Invention (Patent Application Publication): Boroumand S, Halwai I. Tanab-Ligament (Eine bandartige Struktur, die die Luxation einer Gelenkprothese verhindert.) [Tanab-Ligament (A ligamentous structure that prevents the dislocation of a joint prosthesis)]. DE202015006363U1 (2015). Translation into German.

  

DE202015006363U1 Germany
Inventors: Boroumand Sara, Halwai Iman
Current Assignee: Individual
Worldwide applications 2015 DE
Application DE202015006363.2U events:
2015-09-09 Application filed by Individual
2015-09-09 Priority to DE202015006363.2U
2015-10-22 Publication of DE202015006363U1
Status: Expired - Lifetime
2025-09-10 Anticipated expiration

 

Tanab-Ligament (A ligamentous structure that prevents the dislocation of a joint prosthesis)

Boroumand Sara, Halwai Iman

 

Abstract

The combination of a joint endoprosthesis and a band-like, cord-like structure.

 

 

Description

 

1. Beschreibung einer Endoprothese

[0001]

Endoprothesen (griech.: endo „innen”; Prothese „künstlicher Ersatz”) sind Implantate, die im Körper eingesetzt werden und ein geschädigtes Gelenk ganz oder teilweise ersetzen. Endoprothesen gibt es für fast alle Gelenke der Extremitäten (Kniegelenk, Schultergelenk, Sprunggelenk, Ellbogengelenk ect.), jedoch ist sicherlich das Hüftgelenk, das am meisten durch eine Endoprothese versorgte Gelenk. Allein in Deutschland setzten Ärzte jährlich über 200.000 Patienten ein künstliches Hüftgelenk ein. Die Tendenz ist mit dem stetig steigendem Alter der Menschen stark steigend.

[0002]

Wir demonstrieren die neue Erfindung daher an der Hüft-Totalendoprothese (Hüft-TEP). Jedoch ist diese Erfindung auch an anderen Gelenkprothesen einsetzbar.

[0003]

Eine Hüft Totalendoprothese (H-TEP) besteht aus den folgenden Komponenten:
Die Hüftpfanne, welche in die ursprüngliche Hüftpfanne eingebracht wird. Das Inlay, welches in die Hüftpfanne eingebracht wird. Der Hüftkopf, welches im Schafthalsanteil eingebracht wird und kongruent zum Inlay geformt ist, in dem er für die Beweglichkeit der Prothese sorgt. Der Schaft, welcher im hüftnahen Halsanteil mit dem Hüftkopf verbunden wird und an der peripheren Seite in den Oberschenkelknochen implantiert wird. Die Hüftpfanne wird in die ursprüngliche Pfanne eingebracht, nachdem diese vorher bearbeitet wird. Die Pfanne kann je nach Knochenkonsistenz mittels Schrauben im Becken fixiert oder auch zementiert werden. Danach wird ein Inlay in die Pfanne eingebracht, in dem der kugelartige Kopf rotieren kann. Dieser Kopf kommt im Hals des Schaftes zum liegen. Der Schaftanteil, wird in den vorher bearbeiteten Oberschenkelknochen eingebracht und optional zementiert.

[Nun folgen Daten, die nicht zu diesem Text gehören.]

(* Let $\mu$ be a positive Radon measure on $\mathbb R^n$ with power growth of exponent $0<\alpha\le n$. Let $I$ be a dyadic cube and $x\in I$. Then $$\int_I\frac{1}{|t-x|^{\alpha-1}}\,d\mu(t)\lesssim\ell(I)\,\rho_{\rm in}(I),$$ with implicit constant depending only on $n$ and $\alpha$.
   Context: $\mu$ has power growth of exponent $\alpha$ if $\mu(I)\lesssim\ell(I)^\alpha$ for every cube $I=\prod_{i=1}^n[a_i,a_i+l)$ ($\ell(I)=l$). Dyadic cubes are $\prod_{i=1}^n2^{-m}[j_i,j_i+1)$, $j_i,m\in\mathbb Z$. $\rho_{\rm in}(I)=\sup_{t\in I,\,0<\lambda<\ell(I)}\mu(I\cap B(t,\lambda))/\lambda^\alpha$, where $B(t,\lambda)$ is the open Euclidean ball of center $t$ and radius $\lambda$. *)

theory Defs
  imports "HOL-Analysis.Analysis"
begin

definition cube :: "real ^ 'n \<Rightarrow> real \<Rightarrow> (real ^ 'n) set" where
  "cube a l = {y. \<forall>i. a $ i \<le> y $ i \<and> y $ i < a $ i + l}"

definition dyadic_cube :: "int \<Rightarrow> ('n \<Rightarrow> int) \<Rightarrow> (real ^ 'n) set" where
  "dyadic_cube m j = cube (\<chi> i. real_of_int (j i) * 2 powr (- real_of_int m)) (2 powr (- real_of_int m))"

text \<open>Positive Radon measure on R^n: a Borel measure, finite on compact sets
  (on R^n locally finite Borel measures are exactly the Radon measures).\<close>
definition radon_measure :: "(real ^ 'n) measure \<Rightarrow> bool" where
  "radon_measure M \<longleftrightarrow> sets M = sets borel \<and> (\<forall>K. compact K \<longrightarrow> emeasure M K < \<infinity>)"

definition power_growth :: "(real ^ 'n) measure \<Rightarrow> real \<Rightarrow> bool" where
  "power_growth M \<alpha> \<longleftrightarrow> (\<exists>K. \<forall>a l. l > 0 \<longrightarrow> emeasure M (cube a l) \<le> ennreal (K * l powr \<alpha>))"

text \<open>rho_in(I) for a cube I of side length l.\<close>
definition rho_in :: "(real ^ 'n) measure \<Rightarrow> real \<Rightarrow> (real ^ 'n) set \<Rightarrow> real \<Rightarrow> real" where
  "rho_in M \<alpha> I l = Sup {measure M (I \<inter> ball t r) / r powr \<alpha> | t r. t \<in> I \<and> 0 < r \<and> r < l}"

end

theory Submission
  imports Defs
begin

(* Covering I by (n + 1)^n balls of radius n l / (n + 1) < l centred in I gives
   mu(I) <= (n + 1)^n rho_in(I) l^alpha, where l = l(I).  For alpha <= 1 the kernel is bounded
   on I by (n l)^(1 - alpha), which already gives the estimate.  For alpha > 1, split I into the
   part where |t - x| >= l/2 and the dyadic shells l/2^(k+2) <= |t - x| < l/2^(k+1): on the
   k-th shell the kernel is at most (l/2^(k+2))^(1 - alpha), while
   mu(I \<inter> B(x, l/2^(k+1))) <= rho_in(I) (l/2^(k+1))^alpha, so the shells contribute the
   geometric series 2^(alpha - 1) l rho_in(I) sum_k 2^-(k+1). *)

lemma cube_in_borel: "cube a l \<in> sets borel"
proof -
  have "cube a l = (\<Inter>i. {y. a $ i \<le> y $ i} \<inter> {y. y $ i < a $ i + l})"
    by (auto simp: cube_def)
  also have "\<dots> \<in> sets borel"
    by (intro sets.finite_INT sets.Int borel_closed borel_open
        closed_halfspace_component_ge_cart open_halfspace_component_lt_cart) auto
  finally show ?thesis .
qed

lemma ball_subset_cube: "ball t r \<subseteq> cube (t - (\<chi> i. r)) (2 * r)"
proof
  fix y assume "y \<in> ball t r"
  then have close: "\<bar>y $ i - t $ i\<bar> < r" for i
    using component_le_norm_cart[of "y - t" i] by (simp add: dist_norm norm_minus_commute)
  have "t $ i - r \<le> y $ i \<and> y $ i < t $ i + r" for i
    using close[of i] by linarith
  then show "y \<in> cube (t - (\<chi> i. r)) (2 * r)"
    by (simp add: cube_def add.commute)
qed

lemma power_growth_emeasure_inter_ball:
  fixes M :: "(real ^ 'n) measure" and I :: "(real ^ 'n) set"
  assumes "sets M = sets borel" and "power_growth M \<alpha>"
  obtains K where "0 \<le> K" and "\<And>t r. 0 < r \<Longrightarrow> emeasure M (I \<inter> ball t r) \<le> ennreal (K * r powr \<alpha>)"
proof -
  obtain K where K: "\<And>a l. 0 < l \<Longrightarrow> emeasure M (cube a l) \<le> ennreal (K * l powr \<alpha>)"
    using assms(2) unfolding power_growth_def by blast
  have "emeasure M (I \<inter> ball t r) \<le> ennreal (max 0 K * 2 powr \<alpha> * r powr \<alpha>)" if "0 < r" for t r
  proof -
    have "emeasure M (I \<inter> ball t r) \<le> emeasure M (cube (t - (\<chi> i. r)) (2 * r))"
      using ball_subset_cube cube_in_borel assms(1) by (intro emeasure_mono) auto
    also have "\<dots> \<le> ennreal (K * (2 * r) powr \<alpha>)"
      using K that by simp
    also have "\<dots> \<le> ennreal (max 0 K * 2 powr \<alpha> * r powr \<alpha>)"
      using that by (intro ennreal_leI) (simp add: powr_mult mult_right_mono)
    finally show ?thesis .
  qed
  then show ?thesis
    using that[of "max 0 K * 2 powr \<alpha>"] by auto
qed

lemma rho_in_upper:
  fixes M :: "(real ^ 'n) measure"
  assumes "sets M = sets borel" and "power_growth M \<alpha>"
    and "t \<in> I" and "0 < r" and "r < l"
  shows "measure M (I \<inter> ball t r) / r powr \<alpha> \<le> rho_in M \<alpha> I l"
proof -
  obtain K where "0 \<le> K" and "\<And>t r. 0 < r \<Longrightarrow> emeasure M (I \<inter> ball t r) \<le> ennreal (K * r powr \<alpha>)"
    using power_growth_emeasure_inter_ball[OF assms(1,2), where I = I] by blast
  then have K: "measure M (I \<inter> ball t r) \<le> K * r powr \<alpha>" if "0 < r" for t r
    using that by (simp add: measure_def enn2real_leI)
  let ?S = "{measure M (I \<inter> ball t r) / r powr \<alpha> | t r. t \<in> I \<and> 0 < r \<and> r < l}"
  have "bdd_above ?S"
  proof (rule bdd_aboveI[of _ K])
    fix y assume "y \<in> ?S"
    then obtain t r where "y = measure M (I \<inter> ball t r) / r powr \<alpha>" and "0 < r"
      by blast
    then show "y \<le> K"
      using K[of r t] by (simp add: divide_le_eq)
  qed
  moreover have "measure M (I \<inter> ball t r) / r powr \<alpha> \<in> ?S"
    using assms(3-5) by blast
  ultimately show ?thesis
    unfolding rho_in_def by (rule cSup_upper[rotated])
qed
(* Let $P=\forall x_1,\dots,x_n\,\exists y_1(D_1),\dots,y_k(D_k)$ be a prefix, let $G_{\mathrm{syn}}$ be an admissible group w.r.t. $P$, and let $G_{\mathrm{sem}}$ be its associated group. Let $\sigma\in\mathcal A(X)$, $f\in G_{\mathrm{sem}}$, $s\in\mathcal S(P)$ and $i\in\{1,\dots,k\}$ be such that (1) for all $j\in\{1,\dots,k\}$ with $j<i$ or $D_i\not\subseteq D_j$, we have $[y_j]_{\tau_s}=[y_j]_{\tau_{f(s)}}$ for all $\tau\in\mathcal A(X)$ with $\tau|_{D_i}=\sigma|_{D_i}$; (2) for all $g\in G_{\mathrm{syn}}$ and all $\tau\in\mathcal A(X)$, if $\tau|_{D_i}=\sigma|_{D_i}$ then $g(\tau)|_{D_i}=\tau|_{D_i}$. Then there exists an interpretation $s'\in\mathcal S(P)$ such that for every $j\in\{1,\dots,k\}$ and every $\tau\in\mathcal A(X)$: $[y_j]_{\tau_{s'}}=[y_j]_{\tau_s}$ if $j<i$, or if $j\ge i$ and $\tau|_{D_i}\neq\sigma|_{D_i}$; and $[y_j]_{\tau_{s'}}=[y_j]_{\tau_{f(s)}}$ if $j\ge i$ and $\tau|_{D_i}=\sigma|_{D_i}$. Furthermore, there exists $h\in G_{\mathrm{sem}}$ with $h(s)=s'$.
   Context: $X=\{x_1,\dots,x_n\}$, $Y=\{y_1,\dots,y_k\}$ are finite disjoint sets of propositional variables; $\operatorname{BF}(V)$ the propositional formulas over $V\subseteq X\cup Y$; $\mathcal A(V)$ the assignments $V\to\{\top,\bot\}$; $[\phi]_\sigma$ the truth value; $D_j\subseteq X$. For $\rho\in\mathcal A(X)$ and $D\subseteq X$, $\rho|_D$ is the restriction of $\rho$ to $D$. An interpretation is $s=(s_1,\dots,s_k)$ with $s_j:\{\top,\bot\}^{|D_j|}\to\{\top,\bot\}$; $\mathcal S(P)$ the set of interpretations. For $\tau\in\mathcal A(X)$, $\tau_s\in\mathcal A(X\cup Y)$ equals $\tau$ on $X$ and $\tau_s(y_j)=s_j$ evaluated at $\tau$'s values on $D_j$. For $g:\operatorname{BF}(V)\to\operatorname{BF}(V)$ and $\rho\in\mathcal A(V)$, $g(\rho)(v)=[g(v)]_\rho$; $g$ preserves propositional satisfiability if $[g(\phi)]_\rho=[\phi]_{g(\rho)}$ always. A formula in $\operatorname{BF}(Y)$ depends on $x_i$ if it contains some $y_j$ with $x_i\in D_j$. A bijection $g$ of $\operatorname{BF}(X\cup Y)$ is admissible w.r.t. $P$ if it preserves propositional satisfiability, $g(x_i)\in\operatorname{BF}(X)$, $g(y_j)\in\operatorname{BF}(Y)$, and if $g(y_j)$ depends on $x_i$ then $g^{-1}(x_i)\in\operatorname{BF}(D_j)$. An admissible group is a subgroup of all admissible functions. For admissible $g$ and $\tau\in\mathcal A(X)$, $g(\tau)\in\mathcal A(X)$ is $g(\tau)(x)=[g(x)]_\tau$. The associated group of $G_{\mathrm{syn}}$ is the set of all bijections $f:\mathcal S(P)\to\mathcal S(P)$ such that for every $s\in\mathcal S(P)$ and $\tau\in\mathcal A(X)$ there exists $g\in G_{\mathrm{syn}}$ with $g(\tau)_{f(s)}=g(\tau_s)$. *)

theory Defs
  imports "HOL-Algebra.Bij"
begin

(* Variables: XV i is x_i (1 <= i <= n), YV j is y_j (1 <= j <= k). *)
datatype var = XV nat | YV nat

datatype form = Const bool | Var var | Neg form | Conj form form | Disj form form

primrec vars :: "form \<Rightarrow> var set" where
  "vars (Const b) = {}"
| "vars (Var v) = {v}"
| "vars (Neg p) = vars p"
| "vars (Conj p q) = vars p \<union> vars q"
| "vars (Disj p q) = vars p \<union> vars q"

primrec eval :: "form \<Rightarrow> (var \<Rightarrow> bool) \<Rightarrow> bool" where
  "eval (Const b) \<rho> = b"
| "eval (Var v) \<rho> = \<rho> v"
| "eval (Neg p) \<rho> = (\<not> eval p \<rho>)"
| "eval (Conj p q) \<rho> = (eval p \<rho> \<and> eval q \<rho>)"
| "eval (Disj p q) \<rho> = (eval p \<rho> \<or> eval q \<rho>)"

definition BF :: "var set \<Rightarrow> form set" where
  "BF V = {\<phi>. vars \<phi> \<subseteq> V}"

definition Xs :: "nat \<Rightarrow> var set" where "Xs n = XV ` {1..n}"
definition Ys :: "nat \<Rightarrow> var set" where "Ys k = YV ` {1..k}"
definition Vs :: "nat \<Rightarrow> nat \<Rightarrow> var set" where "Vs n k = Xs n \<union> Ys k"

(* A(V): assignments V -> bool, represented canonically (False outside V) *)
definition assignV :: "var set \<Rightarrow> (var \<Rightarrow> bool) set" where
  "assignV V = {\<rho>. \<forall>v. v \<notin> V \<longrightarrow> \<rho> v = False}"

(* A(X): assignments to x_1..x_n, as functions on indices, False outside {1..n} *)
definition assignX :: "nat \<Rightarrow> (nat \<Rightarrow> bool) set" where
  "assignX n = {\<tau>. \<forall>i. i \<notin> {1..n} \<longrightarrow> \<tau> i = False}"

definition agree :: "nat set \<Rightarrow> (nat \<Rightarrow> bool) \<Rightarrow> (nat \<Rightarrow> bool) \<Rightarrow> bool" where
  "agree D \<tau> \<sigma> \<longleftrightarrow> (\<forall>x\<in>D. \<tau> x = \<sigma> x)"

2. Die Entfernung des Ligamentum capitis femoris

[0004]

Bei der oben angesprochenen Bearbeitung der ursprünglichen Pfanne wird insbesondere das Oberschenkelknochenkopfband (Ligamentum capitis femoris, kurz LCF) entfernt.

[0005]

Dies ist das stärkste Band im menschlichen Körper mit bis zu 350 Kg Zugkraft, welches dafür verantwortlich ist, dass der Hüftkopf nicht aus der Pfanne luxiert. Die Luxation einer gesunden Hüfte ist daher nahezu unmöglich. Anders als die meisten anderen Gelenke, welche durch Sehnen und Bänder geführt werden, wird die Stabilisierung der Hüfte im wesentlichen durch das LCF gewährleistet. Diese Struktur muss bei der Operation entfernt werden und bis heute gibt es für diese Funktion keinen künstlichen Ersatz, weshalb es zu vielen Luxation nach einer Protheseneinsetzung kommt und genau hier setzt die neue Erfindung an.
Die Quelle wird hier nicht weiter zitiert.